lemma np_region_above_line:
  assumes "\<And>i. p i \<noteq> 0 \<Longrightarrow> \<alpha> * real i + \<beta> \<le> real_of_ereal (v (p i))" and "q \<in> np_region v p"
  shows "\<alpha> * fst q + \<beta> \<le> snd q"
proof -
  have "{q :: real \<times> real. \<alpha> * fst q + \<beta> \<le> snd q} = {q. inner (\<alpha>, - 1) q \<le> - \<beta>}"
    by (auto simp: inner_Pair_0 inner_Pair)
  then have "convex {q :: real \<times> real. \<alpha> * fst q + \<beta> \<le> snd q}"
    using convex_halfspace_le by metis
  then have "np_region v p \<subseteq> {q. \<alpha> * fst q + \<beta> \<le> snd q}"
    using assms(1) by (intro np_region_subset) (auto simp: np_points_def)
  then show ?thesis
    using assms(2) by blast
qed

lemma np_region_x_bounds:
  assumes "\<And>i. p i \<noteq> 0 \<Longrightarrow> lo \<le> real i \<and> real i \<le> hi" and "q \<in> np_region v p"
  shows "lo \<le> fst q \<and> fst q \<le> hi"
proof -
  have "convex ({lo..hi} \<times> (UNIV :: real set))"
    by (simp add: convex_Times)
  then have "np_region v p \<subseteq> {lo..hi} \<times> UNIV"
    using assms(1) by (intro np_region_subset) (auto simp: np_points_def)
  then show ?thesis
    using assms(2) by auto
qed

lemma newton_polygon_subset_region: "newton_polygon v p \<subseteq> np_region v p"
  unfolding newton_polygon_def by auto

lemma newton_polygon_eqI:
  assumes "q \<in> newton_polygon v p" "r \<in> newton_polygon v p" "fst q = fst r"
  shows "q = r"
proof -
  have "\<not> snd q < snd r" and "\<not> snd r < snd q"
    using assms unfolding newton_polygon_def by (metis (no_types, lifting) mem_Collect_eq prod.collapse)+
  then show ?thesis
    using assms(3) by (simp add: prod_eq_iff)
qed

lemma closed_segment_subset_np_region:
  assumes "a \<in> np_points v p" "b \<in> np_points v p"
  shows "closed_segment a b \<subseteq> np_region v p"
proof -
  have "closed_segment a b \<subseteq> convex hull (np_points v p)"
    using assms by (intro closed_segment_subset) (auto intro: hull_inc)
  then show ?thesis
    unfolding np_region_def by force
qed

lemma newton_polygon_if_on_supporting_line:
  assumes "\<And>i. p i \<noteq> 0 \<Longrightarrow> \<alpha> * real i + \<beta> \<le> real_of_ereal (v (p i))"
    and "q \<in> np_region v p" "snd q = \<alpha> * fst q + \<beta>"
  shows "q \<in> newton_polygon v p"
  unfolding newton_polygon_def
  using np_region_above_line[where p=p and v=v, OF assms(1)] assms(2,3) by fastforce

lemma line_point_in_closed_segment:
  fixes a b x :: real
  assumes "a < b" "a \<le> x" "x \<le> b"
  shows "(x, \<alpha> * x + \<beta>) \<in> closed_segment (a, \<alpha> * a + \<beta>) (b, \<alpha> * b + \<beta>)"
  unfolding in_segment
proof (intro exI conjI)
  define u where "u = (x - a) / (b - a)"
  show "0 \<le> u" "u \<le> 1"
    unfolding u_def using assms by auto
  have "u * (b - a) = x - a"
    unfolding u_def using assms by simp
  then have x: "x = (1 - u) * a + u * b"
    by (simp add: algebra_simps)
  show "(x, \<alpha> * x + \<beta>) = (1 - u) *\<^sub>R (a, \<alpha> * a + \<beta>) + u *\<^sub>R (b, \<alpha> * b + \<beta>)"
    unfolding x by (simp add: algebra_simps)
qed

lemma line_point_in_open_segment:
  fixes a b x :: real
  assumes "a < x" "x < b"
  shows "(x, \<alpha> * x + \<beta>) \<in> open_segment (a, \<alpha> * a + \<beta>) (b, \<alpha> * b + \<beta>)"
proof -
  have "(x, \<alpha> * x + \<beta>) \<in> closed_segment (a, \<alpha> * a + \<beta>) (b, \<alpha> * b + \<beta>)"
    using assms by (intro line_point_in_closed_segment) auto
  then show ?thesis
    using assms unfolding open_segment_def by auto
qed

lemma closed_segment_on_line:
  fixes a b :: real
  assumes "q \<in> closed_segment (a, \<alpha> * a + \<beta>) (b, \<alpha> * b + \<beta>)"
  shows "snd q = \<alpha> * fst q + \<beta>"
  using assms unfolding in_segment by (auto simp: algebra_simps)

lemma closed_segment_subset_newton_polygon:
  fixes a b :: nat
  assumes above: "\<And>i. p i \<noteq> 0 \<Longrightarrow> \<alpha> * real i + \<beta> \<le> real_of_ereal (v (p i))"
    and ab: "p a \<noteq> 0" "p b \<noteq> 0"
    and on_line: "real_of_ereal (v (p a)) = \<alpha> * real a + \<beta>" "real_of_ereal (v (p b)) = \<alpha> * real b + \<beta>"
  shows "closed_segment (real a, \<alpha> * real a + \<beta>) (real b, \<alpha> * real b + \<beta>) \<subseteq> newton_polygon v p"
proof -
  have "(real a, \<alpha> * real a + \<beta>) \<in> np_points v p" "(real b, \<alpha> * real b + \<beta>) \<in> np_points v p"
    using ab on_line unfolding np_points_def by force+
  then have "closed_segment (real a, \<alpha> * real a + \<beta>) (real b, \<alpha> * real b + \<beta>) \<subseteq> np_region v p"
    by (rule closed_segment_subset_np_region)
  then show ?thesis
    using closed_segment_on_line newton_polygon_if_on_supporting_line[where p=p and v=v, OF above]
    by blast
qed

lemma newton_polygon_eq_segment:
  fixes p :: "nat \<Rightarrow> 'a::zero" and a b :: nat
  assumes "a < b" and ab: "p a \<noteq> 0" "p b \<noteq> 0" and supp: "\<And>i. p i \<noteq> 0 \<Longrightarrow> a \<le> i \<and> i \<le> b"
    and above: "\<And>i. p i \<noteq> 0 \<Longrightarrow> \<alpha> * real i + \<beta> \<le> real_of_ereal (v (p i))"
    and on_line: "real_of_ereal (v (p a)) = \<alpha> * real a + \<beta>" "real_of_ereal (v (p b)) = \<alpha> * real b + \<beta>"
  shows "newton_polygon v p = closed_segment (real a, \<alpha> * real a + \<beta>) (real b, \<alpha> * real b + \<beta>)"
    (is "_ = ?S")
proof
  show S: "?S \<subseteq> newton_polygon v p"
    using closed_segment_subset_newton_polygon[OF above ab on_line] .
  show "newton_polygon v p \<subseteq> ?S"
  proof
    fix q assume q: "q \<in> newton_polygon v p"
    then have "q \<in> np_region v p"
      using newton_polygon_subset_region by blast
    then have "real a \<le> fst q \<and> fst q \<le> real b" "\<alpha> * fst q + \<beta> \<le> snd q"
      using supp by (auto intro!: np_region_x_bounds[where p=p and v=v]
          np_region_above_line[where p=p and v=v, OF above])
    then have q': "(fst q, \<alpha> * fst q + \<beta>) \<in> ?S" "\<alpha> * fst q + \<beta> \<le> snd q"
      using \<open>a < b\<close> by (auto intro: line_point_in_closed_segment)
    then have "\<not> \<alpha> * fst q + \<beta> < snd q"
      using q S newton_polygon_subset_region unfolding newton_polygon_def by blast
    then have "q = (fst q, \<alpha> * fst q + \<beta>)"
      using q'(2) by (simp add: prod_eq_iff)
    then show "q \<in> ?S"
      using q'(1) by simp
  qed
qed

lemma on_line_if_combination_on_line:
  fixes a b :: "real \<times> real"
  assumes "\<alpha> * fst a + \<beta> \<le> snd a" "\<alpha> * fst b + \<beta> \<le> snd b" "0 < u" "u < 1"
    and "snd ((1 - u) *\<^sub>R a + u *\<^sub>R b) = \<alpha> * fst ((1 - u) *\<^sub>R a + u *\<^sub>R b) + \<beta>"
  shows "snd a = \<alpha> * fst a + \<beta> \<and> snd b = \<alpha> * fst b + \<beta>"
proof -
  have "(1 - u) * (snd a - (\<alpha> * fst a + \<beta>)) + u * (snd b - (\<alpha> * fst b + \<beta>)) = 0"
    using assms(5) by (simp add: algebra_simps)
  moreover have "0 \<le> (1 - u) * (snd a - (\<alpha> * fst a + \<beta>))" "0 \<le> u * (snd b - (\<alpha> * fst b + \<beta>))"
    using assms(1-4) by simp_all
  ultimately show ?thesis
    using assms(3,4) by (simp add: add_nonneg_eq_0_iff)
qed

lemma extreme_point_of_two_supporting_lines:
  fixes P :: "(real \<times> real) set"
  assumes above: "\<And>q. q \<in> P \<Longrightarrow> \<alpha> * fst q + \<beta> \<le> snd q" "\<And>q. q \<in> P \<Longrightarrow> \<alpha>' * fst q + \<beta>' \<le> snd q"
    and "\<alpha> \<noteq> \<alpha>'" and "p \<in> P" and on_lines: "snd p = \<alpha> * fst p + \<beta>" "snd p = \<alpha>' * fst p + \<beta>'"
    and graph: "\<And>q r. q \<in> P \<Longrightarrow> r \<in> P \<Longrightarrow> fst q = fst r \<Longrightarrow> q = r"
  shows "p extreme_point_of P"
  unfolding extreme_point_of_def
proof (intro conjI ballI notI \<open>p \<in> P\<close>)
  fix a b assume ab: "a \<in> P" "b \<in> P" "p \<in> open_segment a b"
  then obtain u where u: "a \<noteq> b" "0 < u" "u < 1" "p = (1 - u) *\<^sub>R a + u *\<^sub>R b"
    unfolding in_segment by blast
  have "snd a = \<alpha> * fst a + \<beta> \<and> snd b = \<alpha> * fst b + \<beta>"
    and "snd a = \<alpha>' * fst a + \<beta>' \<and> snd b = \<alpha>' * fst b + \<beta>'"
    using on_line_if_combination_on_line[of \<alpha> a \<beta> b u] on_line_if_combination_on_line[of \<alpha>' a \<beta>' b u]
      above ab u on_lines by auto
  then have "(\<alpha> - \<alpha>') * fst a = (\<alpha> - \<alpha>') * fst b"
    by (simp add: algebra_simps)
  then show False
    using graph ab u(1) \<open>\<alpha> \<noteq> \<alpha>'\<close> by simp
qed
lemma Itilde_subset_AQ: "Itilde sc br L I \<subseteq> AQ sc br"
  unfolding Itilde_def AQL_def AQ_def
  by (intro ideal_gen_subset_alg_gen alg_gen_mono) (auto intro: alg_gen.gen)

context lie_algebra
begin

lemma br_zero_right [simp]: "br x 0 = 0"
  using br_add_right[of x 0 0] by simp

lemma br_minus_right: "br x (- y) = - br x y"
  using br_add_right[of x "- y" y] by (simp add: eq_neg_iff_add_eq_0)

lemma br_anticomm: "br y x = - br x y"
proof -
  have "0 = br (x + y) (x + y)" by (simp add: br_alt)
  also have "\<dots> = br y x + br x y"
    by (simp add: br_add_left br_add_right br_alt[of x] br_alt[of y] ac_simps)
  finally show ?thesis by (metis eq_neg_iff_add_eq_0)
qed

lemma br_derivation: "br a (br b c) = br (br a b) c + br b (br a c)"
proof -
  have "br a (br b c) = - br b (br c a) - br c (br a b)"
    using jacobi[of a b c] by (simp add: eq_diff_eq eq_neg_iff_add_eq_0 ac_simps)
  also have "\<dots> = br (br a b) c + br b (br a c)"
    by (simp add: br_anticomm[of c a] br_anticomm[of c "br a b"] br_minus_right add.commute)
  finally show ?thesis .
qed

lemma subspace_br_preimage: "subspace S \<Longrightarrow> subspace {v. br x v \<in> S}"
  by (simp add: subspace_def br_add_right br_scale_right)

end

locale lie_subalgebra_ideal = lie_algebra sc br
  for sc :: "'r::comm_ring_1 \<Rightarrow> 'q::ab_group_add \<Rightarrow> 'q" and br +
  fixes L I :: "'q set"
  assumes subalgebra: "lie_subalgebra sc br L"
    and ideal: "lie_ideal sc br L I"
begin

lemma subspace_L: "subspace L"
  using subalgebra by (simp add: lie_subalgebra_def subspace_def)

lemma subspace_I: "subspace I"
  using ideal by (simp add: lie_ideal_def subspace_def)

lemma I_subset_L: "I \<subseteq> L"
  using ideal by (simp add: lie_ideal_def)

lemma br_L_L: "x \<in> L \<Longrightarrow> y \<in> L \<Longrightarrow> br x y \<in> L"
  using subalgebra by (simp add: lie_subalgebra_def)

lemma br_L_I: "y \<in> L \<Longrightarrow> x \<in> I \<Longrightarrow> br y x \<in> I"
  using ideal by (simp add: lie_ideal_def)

....

### About this task:
Beginning with the very first line of the material, please return exactly each line down to and including the one with "by (simp add: convex_Times)".

### Response to this task:
lemma np_region_above_line:
  assumes "\<And>i. p i \<noteq> 0 \<Longrightarrow> \<alpha> * real i + \<beta> \<le> real_of_ereal (v (p i))" and "q \<in> np_region v p"
  shows "\<alpha> * fst q + \<beta> \<le> snd q"
proof -
  have "{q :: real \<times> real. \<alpha> * fst q + \<beta> \<le> snd q} = {q. inner (\<alpha>, - 1) q \<le> - \<beta>}"
    by (auto simp: inner_Pair_0 inner_Pair)
  then have "convex {q :: real \<times> real. \<alpha> * fst q + \<beta> \<le> snd q}"
    using convex_halfspace_le by metis
  then have "np_region v p \<subseteq> {q. \<alpha> * fst q + \<beta> \<le> snd q}"
    using assms(1) by (intro np_region_subset) (auto simp: np_points_def)
  then show ?thesis
    using assms(2) by blast
qed

lemma np_region_x_bounds:
  assumes "\<And>i. p i \<noteq> 0 \<Longrightarrow> lo \<le> real i \<and> real i \<le> hi" and "q \<in> np_region v p"
  shows "lo \<le> fst q \<and> fst q \<le> hi"
proof -
  have "convex ({lo..hi} \<times> (UNIV :: real set))"
    by (simp add: convex_Times)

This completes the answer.